[Bug]: Swapped `alpha` and `beta` in `tversky` loss?
The tversky loss has 2 parameters, $\alpha$ and $\beta$, and Flux internally calculates the value of $\alpha$ as 1 - $\beta$. The loss is defined as 1 - tversky index -
$$1 - \frac{True Positives}{True Positives + \alpha * False Positives + \beta * False Negatives}$$
the Tversky index is defined as: S(P, G; α, β) = |P G| / (|P G| + α|P \ G| + β|G \ P|) (2) where α and β control the magnitude of penalties for FPs and FNs, respectively.
Flux implements it as -
1 - sum(|y .* ŷ| + 1) / (sum(y .* ŷ + β*(1 .- y) .* ŷ + (1 - β)*y .* (1 .- ŷ)) + 1)
Code -
num = sum(y .* ŷ) + 1
den = sum(y .* ŷ + β * (1 .- y) .* ŷ + (1 - β) * y .* (1 .- ŷ)) + 1
1 - num / den
Notice how the term (1 .- y) .* ŷ (False Positives, I hope I am not wrong) is multiplied by $\beta$, whereas it should be multiplied with $\alpha$ (which is 1 - $\beta$). Similarly, the term y .* (1 .- ŷ) is multiplied with $\alpha$ (that is 1 - $\beta$), whereas it should be multiplied with $\beta$.

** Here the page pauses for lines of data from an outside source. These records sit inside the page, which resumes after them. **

lemma n_theta_step:
  assumes \<theta>: "0 \<le> \<theta>" "\<theta> \<le> Theta f R" and te: "(t, \<epsilon>) \<in> Omega f f' R"
    and nt: "(t', \<epsilon>') = n_theta f f' \<theta> (t, \<epsilon>)"
  shows "(t', \<epsilon>') \<in> Omega f f' R" "t < t'" "\<epsilon> \<le> \<epsilon>'"
    and "t' - t = (1 + \<theta>) * (f t + \<epsilon>) / (- f' t)"
    and "f t' + \<epsilon>' = \<theta> * (f t + \<epsilon>) + lin_err t (t' - t)"
    and "f t' + \<epsilon>' \<le> (1 + \<theta>\<^sup>2) / 2 * (f t + \<epsilon>)"
proof -
  have t: "0 \<le> t" "t < lam" and \<epsilon>: "0 \<le> \<epsilon>" "\<epsilon> \<le> kap * t" and pos: "0 < f t + \<epsilon>"
    using te by (auto simp: Omega_def)
  define h where "h = (1 + \<theta>) * (f t + \<epsilon>) / (- f' t)"
  note step = newton_scalar_step[OF \<theta> t \<epsilon>(2) pos, folded h_def]
  have d: "0 < - f' t" using f'_neg_below_lambda[OF t] by simp
  have t': "t' = t + h" and \<epsilon>': "\<epsilon>' = \<epsilon> + 2 * \<theta> * (f t + \<epsilon>)"
    using nt by (simp_all add: n_theta_def h_def)
  show "t' - t = (1 + \<theta>) * (f t + \<epsilon>) / (- f' t)" using t' h_def by simp
  show "t < t'" using step t' by simp
  show "\<epsilon> \<le> \<epsilon>'" using \<epsilon>' \<theta> pos by simp
  have "f' t * h = - ((1 + \<theta>) * (f t + \<epsilon>))" using d by (simp add: h_def)
  then show eq: "f t' + \<epsilon>' = \<theta> * (f t + \<epsilon>) + lin_err t (t' - t)"
    using t' \<epsilon>' by (simp add: lin_err_def algebra_simps)
  then show "f t' + \<epsilon>' \<le> (1 + \<theta>\<^sup>2) / 2 * (f t + \<epsilon>)"
    using step t' by (simp add: power2_eq_square algebra_simps)
  have "0 < lin_err t h" using lin_err_pos[of t h] step t less_lambda_imp_less_R by auto
  then have "0 < f t' + \<epsilon>'" using eq t' \<theta> pos by (simp add: add_nonneg_pos)
  have "2 * \<theta> \<le> kap * (1 + \<theta>)" using Theta_bound[OF \<theta>] by (simp add: algebra_simps)
  also have "\<dots> \<le> kap * (1 + \<theta>) / (- f' t)"
  proof -
    have "- f' t \<le> 1" using f'_ge_minus_one[of t] t less_lambda_imp_less_R by simp
    then have "kap * (1 + \<theta>) * (- f' t) \<le> kap * (1 + \<theta>)"
      using kappa_pos \<theta> by (intro mult_left_le) auto
    then show ?thesis by (simp only: pos_le_divide_eq[OF d])
  qed
  finally have "2 * \<theta> * (f t + \<epsilon>) \<le> kap * (1 + \<theta>) / (- f' t) * (f t + \<epsilon>)"
    using pos by (intro mult_right_mono) auto
  also have "\<dots> = kap * h" by (simp add: h_def)
  finally have "2 * \<theta> * (f t + \<epsilon>) \<le> kap * h" .
  then have "\<epsilon>' \<le> kap * t'" using t' \<epsilon>' \<epsilon> by (simp add: algebra_simps)
  then show "(t', \<epsilon>') \<in> Omega f f' R"
    using step t' \<epsilon>' t \<epsilon> \<theta> pos \<open>0 < f t' + \<epsilon>'\<close> by (auto simp: Omega_def)
qed

lemma f_strict_antimono_below_lambda: "0 \<le> a \<Longrightarrow> a < b \<Longrightarrow> b < lam \<Longrightarrow> f b < f a"
proof -
  assume ab: "0 \<le> a" "a < b" "b < lam"
  then obtain c where c: "a < c" "c < b" "f b - f a = (b - a) * f' c"
    using less_lambda_imp_less_R by (elim f_mean_value) auto
  have "(b - a) * f' c < 0" using f'_neg_below_lambda[of c] c ab by (simp add: mult_pos_neg)
  then show ?thesis using c by simp
qed

lemma f_neg_below_lambda:
  obtains s where "0 \<le> s" "s < lam" "f s < 0"
proof -
  obtain s where s: "lam / 2 \<le> s" "s < lam" "f s + kap * s < kap * lam / 2"
    using f_plus_kappa_small_below_lambda[of "kap * lam / 2" "lam / 2"] lambda_pos kappa_pos by auto
  have "kap * (lam / 2) \<le> kap * s" using s kappa_pos by (intro mult_left_mono) auto
  then have "f s < 0" using s by linarith
  moreover have "0 \<le> s" using s lambda_pos by linarith
  ultimately show ?thesis using that s by blast
qed

lemma tstar_zero: "0 \<le> tstar f R" "tstar f R < lam" "f (tstar f R) = 0"
proof -
  obtain s where s: "0 \<le> s" "s < lam" "f s < 0" by (rule f_neg_below_lambda)
  have "continuous_on {0..s} f"
    using s less_lambda_imp_less_R by (intro continuous_on_subset[OF continuous_on_f]) auto
  then obtain z where z: "0 \<le> z" "z \<le> s" "f z = 0"
    using IVT2'[of f s 0 0] s h1 by force
  have "tstar f R = z" unfolding tstar_def
  proof (rule cInf_eq_minimum)
    show "z \<in> {t \<in> {0..<R}. f t = 0}" using z s less_lambda_imp_less_R by auto
    show "z \<le> x" if "x \<in> {t \<in> {0..<R}. f t = 0}" for x
      using f_strict_antimono_below_lambda[of x z] that z s by force
  qed
  then show "0 \<le> tstar f R" "tstar f R < lam" "f (tstar f R) = 0" using z s by auto
qed

lemma f_neg_above_tstar: "tstar f R < s \<Longrightarrow> s < lam \<Longrightarrow> f s < 0"
  using f_strict_antimono_below_lambda[of "tstar f R" s] tstar_zero by simp

lemma f'_tstar_neg: "f' (tstar f R) < 0"
  using f'_neg_below_lambda tstar_zero by simp

lemma tstar_less_taubar: "tstar f R < taubar f R"
proof -
  define s where "s = (tstar f R + lam) / 2"
  have s: "tstar f R < s" "s < lam" using tstar_zero by (auto simp: s_def)
  then have "s \<le> taubar f R"
    unfolding taubar_def using f_neg_above_tstar tstar_zero less_lambda_imp_less_R
    by (intro cSup_upper) (auto intro: bdd_aboveI[where M = R])
  then show ?thesis using s by simp
qed

lemma taubar_le_R: "taubar f R \<le> R"
proof -
  obtain s where "0 \<le> s" "s < lam" "f s < 0" by (rule f_neg_below_lambda)
  then have "s \<in> {t \<in> {0..<R}. f t < 0}" using less_lambda_imp_less_R by auto
  then show ?thesis unfolding taubar_def by (intro cSup_least) auto
qed

lemma le_tstar_if_f_nonneg:
  assumes "0 \<le> \<rho>" "\<rho> < taubar f R" "0 \<le> f \<rho>"
  shows "\<rho> \<le> tstar f R"
proof (rule ccontr)
  assume "\<not> \<rho> \<le> tstar f R"
  then have gt: "tstar f R < \<rho>" by simp
  have "{t \<in> {0..<R}. f t < 0} \<noteq> {}" using f_neg_below_lambda less_lambda_imp_less_R by auto
  then obtain s where s: "0 \<le> s" "s < R" "f s < 0" "\<rho> < s"
    using less_cSupD[of "{t \<in> {0..<R}. f t < 0}" \<rho>] assms(2) unfolding taubar_def by auto
  have "f \<rho> \<le> 0 + f' \<rho> * (\<rho> - tstar f R)"
    using f_le_tangent[of "tstar f R" \<rho>] gt tstar_zero s by auto
  then have "0 \<le> f' \<rho> * (\<rho> - tstar f R)" using assms(3) by linarith
  then have "0 \<le> f' \<rho>" using gt by (simp add: zero_le_mult_iff)
  then have "f \<rho> \<le> f s" using f_ge_tangent[of \<rho> s] s assms(1) by (smt (verit) mult_nonneg_nonneg)
  then show False using assms(3) s by simp
qed

lemma increment_le_left_deriv_lambda:
  assumes "lam < R" "0 \<le> \<rho>" "0 \<le> e" "\<rho> + e \<le> lam"
  shows "f' (\<rho> + e) - f' \<rho> \<le> left_deriv f' lam * e"
proof (cases "e = 0")
  case False
  have "convex_on {0..(lam + R) / 2} f'"
    using assms by (intro convex_on_subset[OF h2(2)]) auto
  then have "(f' (\<rho> + e) - f' \<rho>) / e \<le> left_deriv f' lam"
    using chord_slope_le_left_deriv[of 0 "(lam + R) / 2" f' \<rho> "\<rho> + e" lam] assms False by auto
  then show ?thesis using False assms(3) by (simp add: divide_le_eq mult.commute)
qed simp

This makes the loss function behave in a manner opposite to its documentation. For example -
julia> y = [0, 1, 0, 1, 1, 1];
julia> ŷ_fp = [1, 1, 1, 1, 1, 1]; # 2 false positive -> 2 wrong predictions
julia> ŷ_fnp = [1, 1, 0, 1, 1, 0]; # 1 false negative, 1 false positive -> 2 wrong predictions
julia> Flux.tversky_loss(ŷ_fnp, y)
0.19999999999999996
julia> Flux.tversky_loss(ŷ_fp, y) # should be smaller than tversky_loss(ŷ_fnp, y), as FN is given more weight
0.21875
Here the loss for ŷ_fnp, y should have been larger than the loss for ŷ_fp, y as the loss should give more weight or penalize the False Negatives (default $\beta$ is 0.7; hence it should give more weight to FN), but the exact opposite happens.
Changing the implementation of the loss -
julia> y = [0, 1, 0, 1, 1, 1];
julia> ŷ_fp = [1, 1, 1, 1, 1, 1]; # 2 false positive -> 2 wrong predictions
julia> ŷ_fnp = [1, 1, 0, 1, 1, 0]; # 1 false negative, 1 false positive -> 2 wrong predictions
julia> Flux.tversky_loss(ŷ_fnp, y)
0.19999999999999996
julia> Flux.tversky_loss(ŷ_fp, y) # should be smaller than tversky_loss(ŷ_fnp, y), as FN is given more weight
0.1071428571428571
which looks right.
Is this a bug, or am I missing something? Would be happy to create a PR if it is a bug!